Using the product rule first

\[\begin{align*} \frac{d}{dx}\left(y^{2}x\right) & =y^{2}\frac{d}{dx}(x)+x\frac{d}{dx}(y^{2})\\ & =y^{2}\cdot1+x\frac{d}{dy}\left(y^{2}\right)\frac{dy}{dx}\ \text{using $\left(1\right)\text{ above}$ }\\ & =y^{2}+x\cdot2y\frac{dy}{dx}\\ & =y^{2}+2xy\frac{dy}{dx}. \end{align*}\]

#### Example 2

Find \(\frac{dy}{dx}\) if \(y^{3}=2xy-7\). 1 \(\frac{dy}{dx}\) may be abbreviated by \(y'\). Sometimes this is helpful in reducing the amount you have to write. In this example we use \(\left(1\right)\) on the left hand side and the product rule on the term \(2xy.\)

**Solution:**

\[\begin{align*} y^{3} & =2xy-7\\ 3y^{2}y' & =2x\cdot1y'+2\cdot1\cdot y-0\\ 3y^{2}y' & =2xy'+2y\\ 3y^{2}y'-2xy' & =2y\\ (3y^{2}-2x)y' & =2y\\ y' & =\frac{2y}{3y^{2}-2x}. \end{align*}\]

#### Example 3

Find the value of the derivative at the point \(\left(\pi,0\right)\) if \(\sin\left(xy\right)=2x.\)

**Solution:**

We have \[\begin{align*} \sin\left(xy\right) & =2x. \end{align*}\] Using the chain rule on \(\sin\left(xy\right)\) and the product rule on \(xy\) we obtain \[\begin{align*} \cos\left(xy\right)\cdot\left(xy'+y\right) & =2\\ \textrm{At}\ (\pi,0),\,\cos(\pi\cdot0)\cdot\left(\pi y'+0\right) & =2\\ \left(1\right)\cdot\left(\pi y'\right) & =2\\ \pi y' & =2\\ y' & =\frac{2}{\pi}. \end{align*}\]

#### Example 4

Find the equation of the tangent line to the circle \(x^{2}+y^{2}=9\) at the point \((2,\sqrt{5})\).

**Solution:**

Differentiating implicitly, we have \[\begin{align*} 2x+2yy' & =0\\ y' & =\frac{-2x}{2y}\\ & =-\frac{x}{y}. \end{align*}\] At the point \((2,\sqrt{5})\), \(y'\) and so the gradient \(m\) of the tangent is \[\begin{align*} m & =-\frac{2}{\sqrt{5}}. \end{align*}\] Hence the equation of the tangent is2 Remember that the equation of a straight line with gradient \(m\) through the point \(\left(x_{1},y_{1}\right)\) is \[\begin{align*} y-y_{1} & =m\left(x-x_{1}\right). \end{align*}\]

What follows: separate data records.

(* The degree valuation on the fraction field: vdeg (p / q) = deg p - deg q, degrees taken
   in the inner variable (and vdeg 0 = 0 by convention). *)
lift_definition vdeg :: "'a::idom poly poly fract \<Rightarrow> int" is
  "\<lambda>x. if fst x = 0 then 0 else int (inner_degree (fst x)) - int (inner_degree (snd x))"
proof -
  fix x y :: "'a poly poly \<times> 'a poly poly"
  assume "fractrel x y"
  then obtain p q r s where xy: "x = (p, q)" "y = (r, s)" "q \<noteq> 0" "s \<noteq> 0" "p * s = r * q"
    by (cases x, cases y) auto
  then show "(if fst x = 0 then 0 else int (inner_degree (fst x)) - int (inner_degree (snd x))) =
             (if fst y = 0 then 0 else int (inner_degree (fst y)) - int (inner_degree (snd y)))"
    using inner_degree_mult[of p s] inner_degree_mult[of r q] by auto
qed

lemma vdeg_Fract: "q \<noteq> 0 \<Longrightarrow>
    vdeg (Fract p q) = (if p = 0 then 0 else int (inner_degree p) - int (inner_degree q))"
  by transfer simp

lemma vdeg_0 [simp]: "vdeg 0 = 0"
  by (simp add: Zero_fract_def vdeg_Fract)

lemma vdeg_1 [simp]: "vdeg 1 = 0"
  by (simp add: One_fract_def vdeg_Fract)
lemma deficit_average_translates_lower_bound:
  assumes \<mu>: "\<mu> \<in> borel_prob_measures" and F: "finite F" "F \<noteq> {}" "F \<subseteq> carrier G"
    and LM: "0 \<le> L" "L \<le> M"
    and lower: "\<And>x. ennreal L \<le> deficit \<mu> x"
    and large: "\<exists>g\<in>F. ennreal M \<le> deficit \<mu> (\<phi> g x)"
  shows "ennreal (L + (M - L) / card F) \<le> deficit (average_translates \<mu> F) x"
proof -
  obtain g0 where g0: "g0 \<in> F" "ennreal M \<le> deficit \<mu> (\<phi> g0 x)"
    using large by blast
  define h where "h g = L + (if g = g0 then M - L else 0)" for g
  have n: "0 < real (card F)"
    using F by (simp add: card_gt_0_iff)
  have "(\<Sum>g\<in>F. h g) = card F * L + (M - L)"
    using F(1) g0(1) by (simp add: h_def sum.distrib)
  then have "L + (M - L) / card F = (\<Sum>g\<in>F. h g) / card F"
    using n by (simp add: field_simps)
  then have "ennreal (L + (M - L) / card F) = ennreal (\<Sum>g\<in>F. h g) / of_nat (card F)"
    unfolding ennreal_of_nat_eq_real_of_nat using LM n
    by (simp add: divide_ennreal h_def sum_nonneg)
  also have "\<dots> = (\<Sum>g\<in>F. ennreal (h g)) / of_nat (card F)"
    by (subst sum_ennreal) (use LM in \<open>auto simp: h_def\<close>)
  also have "\<dots> \<le> (\<Sum>g\<in>F. deficit \<mu> (\<phi> g x)) / of_nat (card F)"
    using lower g0 by (intro divide_right_mono_ennreal sum_mono) (simp add: h_def)
  also have "\<dots> = deficit (average_translates \<mu> F) x"
    by (rule deficit_average_translates[OF \<mu> F, symmetric])
  finally show ?thesis .
qed

lemma finite_translates_cover:
  assumes "open A" "A \<noteq> {}"
  obtains F where "F \<subseteq> carrier G" "finite F" "F \<noteq> {}" "\<And>x. \<exists>g\<in>F. \<phi> g x \<in> A"
proof -
  obtain a where "a \<in> A" using assms(2) by blast
  then have cover: "UNIV \<subseteq> (\<Union>g\<in>carrier G. \<phi> g -` A)"
    using transitive_\<phi> by blast
  obtain F where F: "F \<subseteq> carrier G" "finite F" "UNIV \<subseteq> (\<Union>g\<in>F. \<phi> g -` A)"
  proof (rule compactE_image[OF compact_X _ cover])
    show "open (\<phi> g -` A)" if "g \<in> carrier G" for g
      by (rule open_vimage[OF assms(1) continuous_\<phi>[OF that]])
  qed
  show ?thesis
    by (rule that[OF F(1,2)]) (use F(3) in auto)
qed

lemma SUP_potential_decrease_if_nonconstant:
  assumes \<mu>0: "\<mu>0 \<in> borel_prob_measures" and x1: "potential K \<mu>0 x1 < (SUP x. potential K \<mu>0 x)"
  obtains \<nu> where "\<nu> \<in> borel_prob_measures" "(SUP x. potential K \<nu> x) < (SUP x. potential K \<mu>0 x)"
proof -
  let ?U = "potential K \<mu>0"
  have "(SUP x. ?U x) \<le> ereal B"
    unfolding potential_eq_deficit[OF \<mu>0] by (rule SUP_least) (rule bound_minus_enn2ereal_le)
  then obtain s where s: "(SUP x. ?U x) = ereal s" "s \<le> B"
    using x1 by (cases "SUP x. ?U x") auto
  obtain c where c: "?U x1 < ereal c" "c < s"
    using ereal_dense2[OF x1] s by auto
  have cB: "c \<le> B" using c(2) s(2) by simp
  define L where "L = B - s"
  define M where "M = B - c"
  have LM: "0 \<le> L" "L < M" using c s by (auto simp: L_def M_def)
  have lower: "ennreal L \<le> deficit \<mu>0 x" for x
    using SUP_upper[of x UNIV ?U] s
    by (simp add: L_def potential_eq_deficit[OF \<mu>0] bound_minus_enn2ereal_le_iff)
  define A where "A = {x. ennreal M < deficit \<mu>0 x}"
  have "x1 \<in> A"
    using c(1) cB by (simp add: A_def M_def potential_eq_deficit[OF \<mu>0] bound_minus_enn2ereal_less_iff)
  then obtain F where F: "F \<subseteq> carrier G" "finite F" "F \<noteq> {}" "\<And>x. \<exists>g\<in>F. \<phi> g x \<in> A"
    using finite_translates_cover[of A] open_deficit_greater[OF \<mu>0] unfolding A_def by blast
  define \<nu> where "\<nu> = average_translates \<mu>0 F"
  define w where "w = L + (M - L) / card F"
  have \<nu>: "\<nu> \<in> borel_prob_measures"
    unfolding \<nu>_def by (rule average_translates_in_borel_prob_measures[OF \<mu>0 F(2,3)])
  have "0 < (M - L) / card F"
    using LM F(2,3) by (simp add: card_gt_0_iff)
  then have Lw: "L < w" by (simp add: w_def)
  have "ennreal w \<le> deficit \<nu> x" for x
    unfolding \<nu>_def w_def
    by (rule deficit_average_translates_lower_bound[OF \<mu>0 F(2,3,1) LM(1) less_imp_le[OF LM(2)] lower])
       (use F(4)[of x] in \<open>auto simp: A_def intro: less_imp_le\<close>)
  then have "potential K \<nu> x \<le> ereal (B - w)" for x
    unfolding potential_eq_deficit[OF \<nu>] using LM Lw by (subst bound_minus_enn2ereal_le_iff) simp_all
  then have "(SUP x. potential K \<nu> x) \<le> ereal (B - w)"
    by (rule SUP_least)
  also have "\<dots> < ereal s"
    using Lw by (simp add: L_def)
  finally show ?thesis using that \<nu> s by simp
qed
theorem lemma6p6:
  fixes V :: "'a set" and E :: "'a set set" and lab :: "'a \<Rightarrow> 'a set \<Rightarrow> label"
  assumes "simple_graph V E"
    and "connected_graph V E"
    and "valid_labeling V E lab"
  shows "tree_like_structure V E"
proof (cases "V = {}")
  case True
  then have "tree_like V E 0"
    by (simp add: tree_like_def)
  then show ?thesis
    unfolding tree_like_structure_def ..
next
  case False
  interpret labelled_graph V E lab
    using assms(1,3) by unfold_locales
  obtain r where r: "r \<in> V" "\<not> (\<exists>p. arc r Pb p)"
    using root_exists[OF False] by blast
  obtain D where "complete D r" "\<not> complete (Suc D) r"
    using root_eventually_incomplete[OF r] complete_exact_depth by blast
  then interpret rooted_labelled_graph_exact V E lab r D
    using r by unfold_locales
  have "tree_like V E (Suc D)"
    using tree_like_nodes assms(2) .
  then show ?thesis
    unfolding tree_like_structure_def ..
qed

end
(* For every $n\ge1$, $$\det\widehat M=(-1)^{\frac{n(n-1)}2}\,2^{n^2+n+1}\,(2n+15)\,\frac{(n+6)!}{6!},$$ in particular $\det\widehat M\neq0$.
   Context: Let $\mathcal E=\{\emptyset\}\cup\{1,\dots,n\}\cup\{\{p,q\}:1\le p<q\le n\}$ (pair indices written with $p<q$). $\widehat M$ is the $\mathcal E\times\mathcal E$ rational matrix with entries $\widehat M_{\rho,\sigma}$, $\rho$ row, $\sigma$ column: Row $\emptyset$: $\widehat M_{\emptyset,\emptyset}=5(n+6)$, $\widehat M_{\emptyset,p}=5n+34$, $\widehat M_{\emptyset,\{p,q\}}=5(n+6)$. Row $k$: $\widehat M_{k,\emptyset}=7$; $\widehat M_{k,p}=35$ if $p=k$, $7$ if $p\neq k$; $\widehat M_{k,\{p,q\}}=3$ if $k=p$, $35$ if $k=q$, $7$ if $k\notin\{p,q\}$. Row $\{k,l\}$: $\widehat M_{\{k,l\},\emptyset}=5$; $\widehat M_{\{k,l\},p}=15$ if $p\in\{k,l\}$, $5$ otherwise; $\widehat M_{\{k,l\},\{p,q\}}=9$ if $\{k,l\}=\{p,q\}$, $3$ if $\{k,l\}\cap\{p,q\}=\{p\}$, $15$ if $\{k,l\}\cap\{p,q\}=\{q\}$, $5$ if disjoint. *)

theory Defs
  imports "Jordan_Normal_Form.Determinant"
begin

text \<open>Index set E = {emptyset} u {1..n} u {{p,q} : 1 <= p < q <= n}.
  Pairs are represented as Pr p q with p < q.\<close>

datatype idx = Emp | Sg nat | Pr nat nat

definition Eset :: "nat \<Rightarrow> idx set" where
  "Eset n = {Emp} \<union> Sg ` {1..n} \<union> {Pr p q | p q. 1 \<le> p \<and> p < q \<and> q \<le> n}"

text \<open>An enumeration (without repetitions) of E; the determinant does not
  depend on the chosen order since rows and columns are permuted simultaneously.\<close>

definition Elist :: "nat \<Rightarrow> idx list" where
  "Elist n = [Emp] @ map Sg [1..<n+1]
     @ concat (map (\<lambda>p. map (\<lambda>q. Pr p q) [p+1..<n+1]) [1..<n])"

lemma set_Elist: "set (Elist n) = Eset n"
proof -
  have "set (concat (map (\<lambda>p. map (\<lambda>q. Pr p q) [p+1..<n+1]) [1..<n]))
        = {Pr p q | p q. 1 \<le> p \<and> p < q \<and> q \<le> n}"
  proof (intro equalityI subsetI)
    fix x assume "x \<in> {Pr p q | p q. 1 \<le> p \<and> p < q \<and> q \<le> n}"
    then obtain p q where "x = Pr p q" "1 \<le> p" "p < q" "q \<le> n" by blast
    then show "x \<in> set (concat (map (\<lambda>p. map (\<lambda>q. Pr p q) [p+1..<n+1]) [1..<n]))"
      by (simp del: upt_Suc) (intro bexI[of _ p]; auto)
  qed (auto simp del: upt_Suc)
  then show ?thesis unfolding Elist_def Eset_def by (auto simp del: upt_Suc)
qed

lemma distinct_Elist: "distinct (Elist n)"
proof -
  have "distinct (concat (map (\<lambda>p. map (\<lambda>q. Pr p q) [p+1..<n+1]) [1..<n]))"
  proof (rule distinct_concat)
    show "distinct (map (\<lambda>p. map (\<lambda>q. Pr p q) [p+1..<n+1]) [1..<n])"
      unfolding distinct_map
    proof (intro conjI inj_onI)
      fix x y assume x: "x \<in> set [1..<n]" and y: "y \<in> set [1..<n]"
        and e: "map (\<lambda>q. Pr x q) [x+1..<n+1] = map (\<lambda>q. Pr y q) [y+1..<n+1]"
      have "hd (map (\<lambda>q. Pr x q) [x+1..<n+1]) = Pr x (x+1)"
        using x by (simp add: hd_map hd_upt del: upt_Suc)
      moreover have "hd (map (\<lambda>q. Pr y q) [y+1..<n+1]) = Pr y (y+1)"
        using y by (simp add: hd_map hd_upt del: upt_Suc)
      ultimately show "x = y" using e by simp
    qed simp
  qed (auto simp: distinct_map inj_on_def simp del: upt_Suc)
  then show ?thesis unfolding Elist_def
    by (auto simp del: upt_Suc simp: distinct_map inj_on_def)
qed

fun Mhat_entry :: "nat \<Rightarrow> idx \<Rightarrow> idx \<Rightarrow> rat" where
  "Mhat_entry n Emp Emp = 5 * (of_nat n + 6)"
| "Mhat_entry n Emp (Sg p) = 5 * of_nat n + 34"
| "Mhat_entry n Emp (Pr p q) = 5 * (of_nat n + 6)"
| "Mhat_entry n (Sg k) Emp = 7"
| "Mhat_entry n (Sg k) (Sg p) = (if p = k then 35 else 7)"
| "Mhat_entry n (Sg k) (Pr p q) = (if k = p then 3 else if k = q then 35 else 7)"
| "Mhat_entry n (Pr k l) Emp = 5"
| "Mhat_entry n (Pr k l) (Sg p) = (if p \<in> {k, l} then 15 else 5)"
| "Mhat_entry n (Pr k l) (Pr p q) =
     (if {k, l} = {p, q} then 9
      else if {k, l} \<inter> {p, q} = {p} then 3
      else if {k, l} \<inter> {p, q} = {q} then 15
      else 5)"

definition Mhat :: "nat \<Rightarrow> rat mat" where
  "Mhat n = mat (length (Elist n)) (length (Elist n))
     (\<lambda>(i, j). Mhat_entry n (Elist n ! i) (Elist n ! j))"

end

theory Submission
  imports Defs "HOL-Library.Product_Lexorder"
begin

text \<open>
  Two unimodular column-operation matrices bring \<open>M\<close> to triangular form. First
  subtract column \<open>\<emptyset>\<close> from every column \<open>p\<close>, and replace column \<open>{p,q}\<close> by
  \<open>{p,q} - q + (p - \<emptyset>)/5\<close>; this clears most entries. Then add \<open>-1/4\<close> of every
  singleton column to column \<open>\<emptyset>\<close>, and \<open>5/2\<close> of every pair column \<open>{r,s}\<close> with
  \<open>p \<in> {r,s}\<close> to column \<open>p\<close>. The result is upper triangular for the order
  \<open>\<emptyset> < 1 < \<dots> < n < {1,2} < {1,3} < \<dots>\<close>, with diagonal \<open>2(2n+15)\<close>, \<open>4(n-p+7)\<close>
  and \<open>-4\<close>, whose product is the stated value.
\<close>

definition mat_over :: "'a list \<Rightarrow> ('a \<Rightarrow> 'a \<Rightarrow> 'b) \<Rightarrow> 'b mat" where
  "mat_over xs f = mat (length xs) (length xs) (\<lambda>(i, j). f (xs ! i) (xs ! j))"

lemma mat_over_carrier: "mat_over xs f \<in> carrier_mat (length xs) (length xs)"
  by (simp add: mat_over_def)
lemma scaled_incomplete_beta_less_lower_incomplete_gamma:
  fixes lam y K x :: real
  assumes lam: "lam > 0" and y: "y > 0" and K: "K > 0" "K \<le> y powr lam"
    and K_Beta: "K * Beta lam y \<le> Gamma lam" and x: "x > 0"
  shows "K * incomplete_beta lam y (x / (x + y)) < lower_incomplete_gamma lam x"
proof -
  define D where
    "D x = lower_incomplete_gamma lam x - K * incomplete_beta lam y (x / (x + y))" for x
  define D' where
    "D' t = t powr (lam - 1) * (exp (- t) - K * y powr y / (t + y) powr (lam + y))" for t
  have deriv: "(D has_real_derivative D' t) (at t)" if "t > 0" for t
    unfolding D_def D'_def
    using DERIV_diff[OF has_real_derivative_lower_incomplete_gamma[OF lam that]
        DERIV_cmult[OF has_real_derivative_incomplete_beta_ratio[OF lam y that], of K]]
    by (simp add: algebra_simps)
  obtain s where "s > 0"
    and above: "\<And>t. 0 < t \<Longrightarrow> t < s \<Longrightarrow> K * y powr y / (t + y) powr (lam + y) < exp (- t)"
    and below: "\<And>t. s < t \<Longrightarrow> K * y powr y / (t + y) powr (lam + y) > exp (- t)"
    using single_crossing_exp_minus_scaled_powr[OF lam y K] by blast
  have up: "D' t > 0" if "0 < t" "t < s" for t
    using above[OF that] that by (simp add: D'_def)
  have down: "D' t < 0" if "s < t" for t
    using below[OF that] that \<open>s > 0\<close> by (simp add: D'_def mult_pos_neg)
  have cont: "continuous_on {0..b} D" for b
    unfolding D_def
    by (intro continuous_intros continuous_on_lower_incomplete_gamma
          continuous_on_incomplete_beta_ratio lam y)
  have lim: "(D \<longlongrightarrow> Gamma lam - K * Beta lam y) at_top"
    unfolding D_def
    by (intro tendsto_intros lower_incomplete_gamma_tendsto_Gamma
          incomplete_beta_ratio_tendsto_Beta lam y)
  have "D 0 = 0"
    by (simp add: D_def lower_incomplete_gamma_def incomplete_beta_def)
  with strict_mono_on_antimono_on_of_deriv_sign[OF cont deriv up down less_imp_le[OF \<open>s > 0\<close>]]
  have "D x > 0"
    by (rule pos_if_rises_then_falls[OF _ _ _ lim]) (use K_Beta x in auto)
  then show ?thesis
    by (simp add: D_def)
qed

lemma ln_Gamma_plus1_real:
  fixes y :: real
  assumes "y > 0"
  shows "ln (Gamma (y + 1)) = ln y + ln (Gamma y)"
proof -
  have "Gamma (y + 1) = y * Gamma y"
    using assms by (intro Gamma_plus1) (auto elim: nonpos_Ints_cases)
  moreover have "Gamma y \<noteq> 0"
    using Gamma_real_pos[OF assms] by linarith
  ultimately show ?thesis
    using assms by (simp add: ln_mult)
qed

lemma ln_Gamma_mult_powr:
  fixes lam y :: real
  assumes "y > 0"
  shows "ln (Gamma y * y powr lam) = ln (Gamma y) + lam * ln y"
  using ln_mult_pos[OF Gamma_real_pos[OF assms], of "y powr lam"] assms by (simp add: ln_powr)

lemma Gamma_add_le_Gamma_mult_powr:
  fixes lam y :: real
  assumes "0 \<le> lam" "lam \<le> 1" "y > 0"
  shows "Gamma (lam + y) \<le> Gamma y * y powr lam"
proof -
  have "ln (Gamma (lam + y)) = (ln \<circ> Gamma) ((1 - lam) *\<^sub>R y + lam *\<^sub>R (y + 1))"
    by (simp add: algebra_simps)
  also have "\<dots> \<le> (1 - lam) * (ln \<circ> Gamma) y + lam * (ln \<circ> Gamma) (y + 1)"
    using assms by (intro convex_onD[OF log_convex_Gamma_real]) auto
  also have "\<dots> = ln (Gamma y * y powr lam)"
    unfolding comp_def ln_Gamma_plus1_real[OF assms(3)] ln_Gamma_mult_powr[OF assms(3)]
    by (simp add: algebra_simps)
  finally show ?thesis
    using assms by simp
qed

\[\begin{align*} y-\sqrt{5} & =-\frac{2}{\sqrt{5}}\left(x-2\right)\\ y & =-\frac{2}{\sqrt{5}}x+\frac{4}{\sqrt{5}}+\sqrt{5}\\ & =-\frac{2}{\sqrt{5}}x-\frac{1}{\sqrt{5}}\left(4+5\right)\\ & =-\frac{2}{\sqrt{5}}x+\frac{9}{\sqrt{5}}. \end{align*}\]

### Exercises

\(1.\ \)Find \(\frac{d}{dx}\left(\frac{x}{y}\right)\). Hint: use quotient rule.

\(\frac{y-xy'}{y^{2}}\).

\(2.\ \)Find\(\frac{d}{dx}\left(\frac{x+y}{x-y}\right).\)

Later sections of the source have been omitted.